Hives in Children
What are hives in children?
Hives (urticaria) are bumps on your skin that occur suddenly. They're common in children and usually form on their chest, stomach or back. Hives may cause discomfort, but they’re temporary and should leave no scars or bruising.
Are there different types of urticaria in children?
Hives may be acute or chronic:
- Acute hives last anywhere between a few hours or days and six weeks.
- Chronic hives may last for more than six weeks. In some cases, they go away only to reappear a few days later.
What do hives look like?
Hives are often reddish. But they may appear purple or grey on dark skin. They may also:
- Appear in groups.
- Be large or small.
- Blend to cover large areas of skin.
- Change shape.
- Come and go.
- Form rings.
- Have a pale center.
- Look like mosquito bites.
What do hives feel like?
In some children, hives cause no discomfort.
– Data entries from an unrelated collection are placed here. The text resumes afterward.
(* Let $F$ be a Banach lattice, $E$ a Banach space and $T\in\mathcal{L}(F,E)$. (i) If $T$ is DNS, then $T$ is weakly DNS. (ii) If $T$ is strongly DNS, then $T$ is strictly DNS.
   Context: $\mathrm{S}_F$ is the unit sphere; $x,y$ disjoint means $|x|\wedge|y|=0$. $T$ is DNS if there is no disjoint $(f_n)\subset\mathrm{S}_F$ with $\|Tf_n\|\to0$; strictly DNS if there is $\delta>0$ such that no disjoint $(f_n)\subset\mathrm{S}_F$ satisfies $\|Tf_n\|\le\delta$ for all $n$. The un-topology on $F$ has zero neighborhood base $\{f:\||f|\wedge h\|<\varepsilon\}$, $h\in F_+$, $\varepsilon>0$; the una-topology is defined the same way with $h$ in the positive part of the ideal $F^a$ of order continuous elements of $F$. $T$ is weakly (resp. strongly) DNS if there is no net $(f_i)\subset\mathrm{S}_F$ that is un-null (resp. una-null) and satisfies $\|Tf_i\|\to0$. *)

theory Defs
  imports "HOL-Analysis.Analysis"
begin

definition babs :: "'a::{uminus,sup} \<Rightarrow> 'a" where
  "babs x = sup x (- x)"

class banach_lattice = banach + ordered_real_vector + lattice +
  assumes lattice_norm: "sup x (- x) \<le> sup y (- y) \<Longrightarrow> norm x \<le> norm y"

definition bdisjoint :: "'a::banach_lattice \<Rightarrow> 'a \<Rightarrow> bool" where
  "bdisjoint x y \<longleftrightarrow> inf (babs x) (babs y) = 0"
Urticaria in children sometimes causes symptoms that include:
- Fussiness in young children.
- Stinging sensation.
- Swelling in the hands, feet, eyes or lips.
A small number of children have signs of a life-threatening allergic reaction (anaphylaxis). These include:
- Difficulty breathing or swallowing (dysphagia).
- Dizziness or loss of consciousness.
- High fever.
- Joint pain.
- Swelling in the tongue or throat.
How do hives form?
Hives occur as part of an immune system response. When the body perceives a foreign substance, it releases histamines. These chemicals protect the body against germs but can irritate delicate tissue.
This causes irritation that makes blood vessels expand and sometimes burst. When this happens, fluid (plasma) leaks out, leading to raised patches of skin.
Which children get hives?
Any child can experience hives. Children with allergies are at a higher risk.
What causes hives in children?
In as many as half of cases, hives have no cause.
When a cause is identified, it could be an allergic reaction to:
- Chemicals found in detergents, lotions and other household products.
- Food, especially milk, tree nuts or shellfish.
- Pets and other animals.
Other potential causes of urticaria in children include:
- Infections, like the common cold or strep throat.
- Insect bites or stings.
- Tight-fitting clothes.
- Reactions from radiation therapy.
- Viruses, including SARS-CoV-2, the virus that causes COVID-19.
Rare causes of hives include:
- Exposure to cold or heat.
- Medication reactions.
Care and Treatment
What treatments help children with hives?
The treatment that’s right for your child depends on the type of hives, symptoms and severity. For acute hives with mild symptoms, treatment might not be necessary.
Children with chronic hives or acute hives and bothersome symptoms may need treatment. Medications like antihistamines can control the itch and slow the spread of hives. Your child’s healthcare provider may recommend:
- Cetirizine liquid or tablets.
- Diphenhydramine liquid, capsules or tablets. (Can make your child sleepy.)
- Fexofenadine orally disintegrating tablets.
- Loratadine tablets.
Children with signs of anaphylaxis need emergency treatment to halt the allergic reaction. Care may include an epinephrine injection.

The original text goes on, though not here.